Data shown:
lemma delta_middle_antisym:
  assumes a: "a \<in> Q" and c: "c \<in> Q" and s: "s \<in> Z 2"
  shows "m (delta a s c) (delta c s a) = e"
proof -
  let ?x = "delta c a s" and ?y = "delta a s c" and ?w = "delta a c s" and ?z = "delta c s a"
  have Z: "?x \<in> Z 1" "?y \<in> Z 1" "?w \<in> Z 1" "?z \<in> Z 1"
    using delta_Z2 delta_middle_center a c s by auto
  have "m ?x (m ?y ?z) = m (m ?x ?y) ?z" using center_assoc Z by simp
  also have "\<dots> = ?x" using delta_cycle[OF a c s] delta_cycle[OF c a s] by simp
  also have "\<dots> = m ?x e" using upper_center_closed Z by simp
  finally show ?thesis
    using center_cancel[OF Z(1) upper_center_mult[OF Z(2,4)] upper_center_unit] by simp
qed

lemma delta_vanish_transfer:
  assumes a: "a \<in> Q" and s: "s \<in> Z 2" and v: "v \<in> Q" and w: "w \<in> Q"
    and vw: "m v w \<in> Z 1" and k: "delta a s w = e"
  shows "delta a s v = e"
  using delta_vanish_of_mult[OF a upper_center_closed[OF s] v w delta_middle_center[OF a v s]
      delta_middle_center[OF a w s] vw k] .

text \<open>L(p,q) maps a and s to central translates of themselves, so it commutes with L(a,s).\<close>

lemma delta_delta_vanish:
  assumes p: "p \<in> Q" and q: "q \<in> Q" and a: "a \<in> Q" and s: "s \<in> Z 2" and z: "z \<in> Z 1"
    and pqa: "inner p q a = m a z" and c: "c \<in> Q"
  shows "delta a s (delta p q c) = e"
proof -
  have sQ: "s \<in> Q" using upper_center_closed s .
  obtain z' where z': "z' \<in> Z 1" "inner p q s = m s z'" using inner_Z2[OF s p q] by blast
  have pqc: "inner p q c \<in> Q" using p q c by simp
  have "inner p q (inner a s c) = inner (inner p q a) (inner p q s) (inner p q c)"
    by (rule inner_inner[OF p q a sQ c])
  also have "\<dots> = inner a s (inner p q c)"
    using pqa z' inner_mult_center_left inner_mult_center_right a sQ z pqc upper_center_closed
    by simp
  finally have comm_inner: "inner p q (inner a s c) = inner a s (inner p q c)" .
  have xc: "delta a s c \<in> Z 1" using delta_middle_center[OF a c s] .
  have xG: "delta a s (inner p q c) \<in> Z 1" using delta_middle_center[OF a pqc s] .
  have "m (inner p q c) (delta a s (inner p q c)) = m (inner p q c) (delta a s c)"
    using comm_inner inner_eq_delta[OF a sQ c] inner_eq_delta[OF a sQ pqc] inner_mult[OF p q c]
      inner_center[OF xc p q] upper_center_closed[OF xc] by simp
  then have 2: "delta a s (inner p q c) = delta a s c"
    using left_cancel pqc upper_center_closed xG xc by blast
  have ep: "delta p q c \<in> Q" using p q c by simp
  have xe: "delta a s (delta p q c) \<in> Z 1" using delta_middle_center[OF a ep s] .
  have "delta a s (inner p q c) = m (delta a s c) (delta a s (delta p q c))"
    using inner_eq_delta[OF p q c] delta_mult[OF a sQ c ep xc xe] by simp
  then have "m (delta a s c) (delta a s (delta p q c)) = m (delta a s c) e"
    using 2 xc upper_center_closed by simp
  then show ?thesis using center_cancel xc xe upper_center_unit by blast
qed

lemma delta_delta_self:
  "a \<in> Q \<Longrightarrow> b \<in> Q \<Longrightarrow> c \<in> Q \<Longrightarrow> s \<in> Z 2 \<Longrightarrow> delta a s (delta a b c) = e"
  using delta_delta_vanish[of a b a s e c] inner_left_fixed by simp

lemma inner_cocycle:
  assumes a: "a \<in> Q" and b: "b \<in> Q" and c: "c \<in> Q" and w: "w \<in> Q"
  shows "inner a (m b c) (inner b c w) = inner (m a b) (inner a b c) (inner a b w)"
proof -
  have "m (m a (m b c)) (inner a (m b c) (inner b c w)) = m a (m b (m c w))"
    using mult_inner[OF a _ inner_closed[OF b c w]] mult_inner[OF b c w] b c by simp
  also have "\<dots> = m (m (m a b) (inner a b c)) (inner (m a b) (inner a b c) (inner a b w))"
    using mult_inner[OF a b] inner_mult[OF a b c w] mult_inner[OF _ inner_closed inner_closed]
      a b c w
    by simp
  also have "m (m a b) (inner a b c) = m a (m b c)" using mult_inner[OF a b c] by simp
  finally show ?thesis using left_cancel[of "m a (m b c)"] a b c w by simp
qed

lemma delta_cocycle:
  assumes a: "a \<in> Q" and b: "b \<in> Q" and c: "c \<in> Q" and u: "u \<in> Z 2"
  shows "m (delta a (m b c) u) (delta b c u) = m (delta (m a b) (inner a b c) u) (delta a b u)"
proof -
  have uQ: "u \<in> Q" using upper_center_closed u .
  have inner_delta: "inner p q (inner r s u) = m u (m (delta p q u) (delta r s u))"
    if "p \<in> Q" "q \<in> Q" "r \<in> Q" "s \<in> Q" for p q r s
  proof -
    have k: "delta r s u \<in> Z 1" "delta p q u \<in> Z 1" using delta_Z2 that u by auto
    have "inner p q (inner r s u) = m (inner p q u) (delta r s u)"
      using inner_eq_delta inner_mult inner_center[OF k(1)] that uQ upper_center_closed[OF k(1)]
        by simp
    also have "\<dots> = m u (m (delta p q u) (delta r s u))"
      using inner_eq_delta mult_assoc_center[OF k(1)] that uQ upper_center_closed[OF k(2)] by simp
    finally show ?thesis .
  qed
  have "m u (m (delta a (m b c) u) (delta b c u)) =
        m u (m (delta (m a b) (inner a b c) u) (delta a b u))"
    using inner_cocycle[OF a b c uQ] inner_delta a b c by simp
  then show ?thesis using left_cancel uQ a b c by (metis delta_closed mult_closed inner_closed)
qed

lemma delta_shift_right:
  assumes p: "p \<in> Q" and q: "q \<in> Q" and s: "s \<in> Z 2" and u: "u \<in> Z 2"
    and qs: "delta q s u = e" and pqs: "delta (m p q) s u = e"
  shows "delta p (m q s) u = delta p q u"
proof -
  have sQ: "s \<in> Q" using upper_center_closed s .
  have "m (delta p (m q s) u) (delta q s u) = m (delta (m p q) (inner p q s) u) (delta p q u)"
    using delta_cocycle[OF p q sQ u] .
  also have "delta (m p q) (inner p q s) u = delta (m p q) s u"
    using inner_eq_delta delta_mult_center_right delta_Z2 p q s sQ upper_center_closed[OF u] by simp
  finally show ?thesis using qs pqs p q sQ upper_center_closed[OF u] by simp
qed

lemma delta_shift_left:
  assumes p: "p \<in> Q" and q: "q \<in> Q" and s: "s \<in> Z 2" and u: "u \<in> Z 2"
    and ps: "delta p s u = e" and qps: "delta (m q p) s u = e" and qus: "delta q u s = e"
  shows "delta (m p s) q u = delta p q u"
proof -
  have sQ: "s \<in> Q" and uQ: "u \<in> Q" using upper_center_closed s u by auto
  have psQ: "m p s \<in> Q" using p sQ by simp
  have Z: "delta p q u \<in> Z 1" "delta q u p \<in> Z 1" "delta (m p s) u q \<in> Z 1"
    using delta_Z2 delta_middle_center p q u psQ by auto
  have "delta q u (m p s) = m (delta q u p) (delta q u s)"
    using delta_mult[OF q uQ p sQ delta_middle_center[OF q p u] delta_middle_center[OF q sQ u]] .
  then have "delta q u (m p s) = delta q u p" using qus Z upper_center_closed by simp
  then have cancel: "m (delta q u p) (delta (m p s) u q) = e"
    using delta_middle_antisym[OF psQ q u] center_comm[OF Z(2,3)] by simp
  have "delta (m p s) q u = m (delta q (m p s) u) (delta (m p s) u q)"
    using delta_cycle[OF psQ q u] by simp
  also have "\<dots> = m (m (delta p q u) (delta q u p)) (delta (m p s) u q)"
    using delta_shift_right[OF q p s u ps qps] delta_cycle[OF q p u] by simp
  also have "\<dots> = delta p q u"
    using center_assoc[OF Z] cancel upper_center_closed[OF Z(1)] by simp
  finally show ?thesis .
qed

lemma center_of_mult_eq:
  assumes X: "X \<in> Q" and P: "P \<in> Q" and c: "c \<in> Q" and k1: "k1 \<in> Z 1" and k2: "k2 \<in> Z 1"
    and Xk1: "X = m P k1" and Xc: "m X c = m P k2"
  shows "c \<in> Z 1"
proof -
  define K where "K = ld k2 k1"
  have K: "K \<in> Z 1" unfolding K_def using k1 k2 by blast
  have kQ: "k1 \<in> Q" "k2 \<in> Q" "K \<in> Q" using k1 k2 K upper_center_closed by auto
  have "m X (m c K) = m (m X c) K" using mult_assoc_center[OF K] X c by simp
  also have "\<dots> = m P (m k2 K)" using Xc mult_assoc_center[OF K] P kQ by simp
  also have "\<dots> = m X e" using Xk1 X kQ unfolding K_def by simp
  finally have "m K c = e" using left_cancel X c kQ comm by (metis mult_closed unit_closed)
  then have "c = ld K e" using ldiv_unique kQ c by simp
  then show ?thesis using upper_center_ldiv[OF K upper_center_unit] by simp
qed

definition delta_kernel :: "'a \<Rightarrow> 'a set" where
  "delta_kernel u = {a \<in> Q. \<forall>s\<in>Z 2. delta a s u = e}"

lemma delta_kernel_closed: "a \<in> delta_kernel u \<Longrightarrow> a \<in> Q"
  unfolding delta_kernel_def by blast

lemma delta_kernel_vanish: "a \<in> delta_kernel u \<Longrightarrow> s \<in> Z 2 \<Longrightarrow> delta a s u = e"
  unfolding delta_kernel_def by blast

lemma delta_kernel_mult:
  assumes u: "u \<in> Z 2" and a: "a \<in> delta_kernel u" and b: "b \<in> delta_kernel u"
  shows "m a b \<in> delta_kernel u"
proof -
  have uQ: "u \<in> Q" and aQ: "a \<in> Q" and bQ: "b \<in> Q"
    using u a b upper_center_closed delta_kernel_closed by auto
  have "delta (m a b) s u = e" if s: "s \<in> Z 2" for s
  proof -
    have "delta u s a = e" "delta u s b = e"
      using delta_middle_antisym[OF aQ uQ s] delta_middle_antisym[OF bQ uQ s]
        delta_kernel_vanish[OF a s] delta_kernel_vanish[OF b s] uQ aQ bQ upper_center_closed[OF s]
      by simp_all
    then have "delta u s (m a b) = e"
      using delta_mult[OF uQ upper_center_closed[OF s] aQ bQ delta_middle_center[OF uQ aQ s]
          delta_middle_center[OF uQ bQ s]] by simp
    then show ?thesis
      using delta_middle_antisym[OF mult_closed[OF aQ bQ] uQ s]
        delta_middle_center[OF mult_closed[OF aQ bQ] uQ s] upper_center_closed by simp
  qed
  then show ?thesis unfolding delta_kernel_def using aQ bQ by blast
qed

lemma delta_kernel_transfer:
  assumes "v \<in> Q" "w \<in> Q" "m v w \<in> Z 1" "a \<in> delta_kernel w"
  shows "a \<in> delta_kernel v"
  using assms delta_vanish_transfer unfolding delta_kernel_def by blast

lemma delta_kernel_delta:
  assumes "p \<in> Q" "q \<in> Q" "a \<in> Q" "c \<in> Q" "z \<in> Z 1" "inner p q a = m a z"
  shows "a \<in> delta_kernel (delta p q c)"
  using assms delta_delta_vanish unfolding delta_kernel_def by blast

lemma delta_swap_of_mult_swap:
  assumes x: "x \<in> Q" and y: "y \<in> Q" and u: "u \<in> Z 2"
    and swap: "delta x (m x y) u = delta (m x y) x u"
  shows "delta x y u = delta y x u"
proof -
  have uQ: "u \<in> Q" using upper_center_closed u .
  have Z: "delta (m x y) x u \<in> Z 1" "delta x u (m x y) \<in> Z 1"
    "delta x u x \<in> Z 1" "delta x u y \<in> Z 1"
    using delta_Z2 delta_middle_center x y u by auto
  have "m (delta (m x y) x u) (delta x u (m x y)) = m (delta (m x y) x u) e"
    using delta_cycle[OF x mult_closed[OF x y] u] swap Z upper_center_closed by simp
  then have "delta x u (m x y) = e" using center_cancel Z(1,2) upper_center_unit by blast
  moreover have "delta x u (m x y) = m (delta x u x) (delta x u y)"
    using delta_mult[OF x uQ x y Z(3,4)] .
  ultimately have "delta x u y = e" using delta_left_fixed[OF x uQ] Z upper_center_closed by simp
  then show ?thesis using delta_cycle[OF x y u] Z delta_Z2 x y u upper_center_closed by simp
qed

lemma center_cancel_squares:
  assumes Z: "a1 \<in> Z 1" "a2 \<in> Z 1" "a3 \<in> Z 1" "b1 \<in> Z 1" "b2 \<in> Z 1" "f \<in> Z 1"
    and eq: "m (m a1 a2) a3 = m (m b1 b1) (m (m b2 b2) f)"
    and b1b2: "m b1 b2 = m a1 a3" and a3f: "m a3 f = e"
  shows "a2 = a1"
proof -
  note ac = center_assoc center_comm center_left_commute upper_center_mult
  have "m (m a1 a3) a2 = m (m a1 a2) a3" using Z by (simp add: ac)
  also have "\<dots> = m (m (m b1 b2) (m b1 b2)) f" using eq Z by (simp add: ac)
  also have "\<dots> = m (m a1 a3) (m a1 (m a3 f))" using b1b2 Z by (simp add: ac)
  also have "\<dots> = m (m a1 a3) a1" using a3f Z upper_center_closed by simp
  finally show ?thesis using center_cancel Z upper_center_mult by blast
qed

Problem requirements:
Retype exactly the span of lines from the one with "c) = inner a" through the one with "using left_cancel pqc"; include both ends and omit the rest of the material.

Expected answer:
  finally have comm_inner: "inner p q (inner a s c) = inner a s (inner p q c)" .
  have xc: "delta a s c \<in> Z 1" using delta_middle_center[OF a c s] .
  have xG: "delta a s (inner p q c) \<in> Z 1" using delta_middle_center[OF a pqc s] .
  have "m (inner p q c) (delta a s (inner p q c)) = m (inner p q c) (delta a s c)"
    using comm_inner inner_eq_delta[OF a sQ c] inner_eq_delta[OF a sQ pqc] inner_mult[OF p q c]
      inner_center[OF xc p q] upper_center_closed[OF xc] by simp
  then have 2: "delta a s (inner p q c) = delta a s c"
    using left_cancel pqc upper_center_closed xG xc by blast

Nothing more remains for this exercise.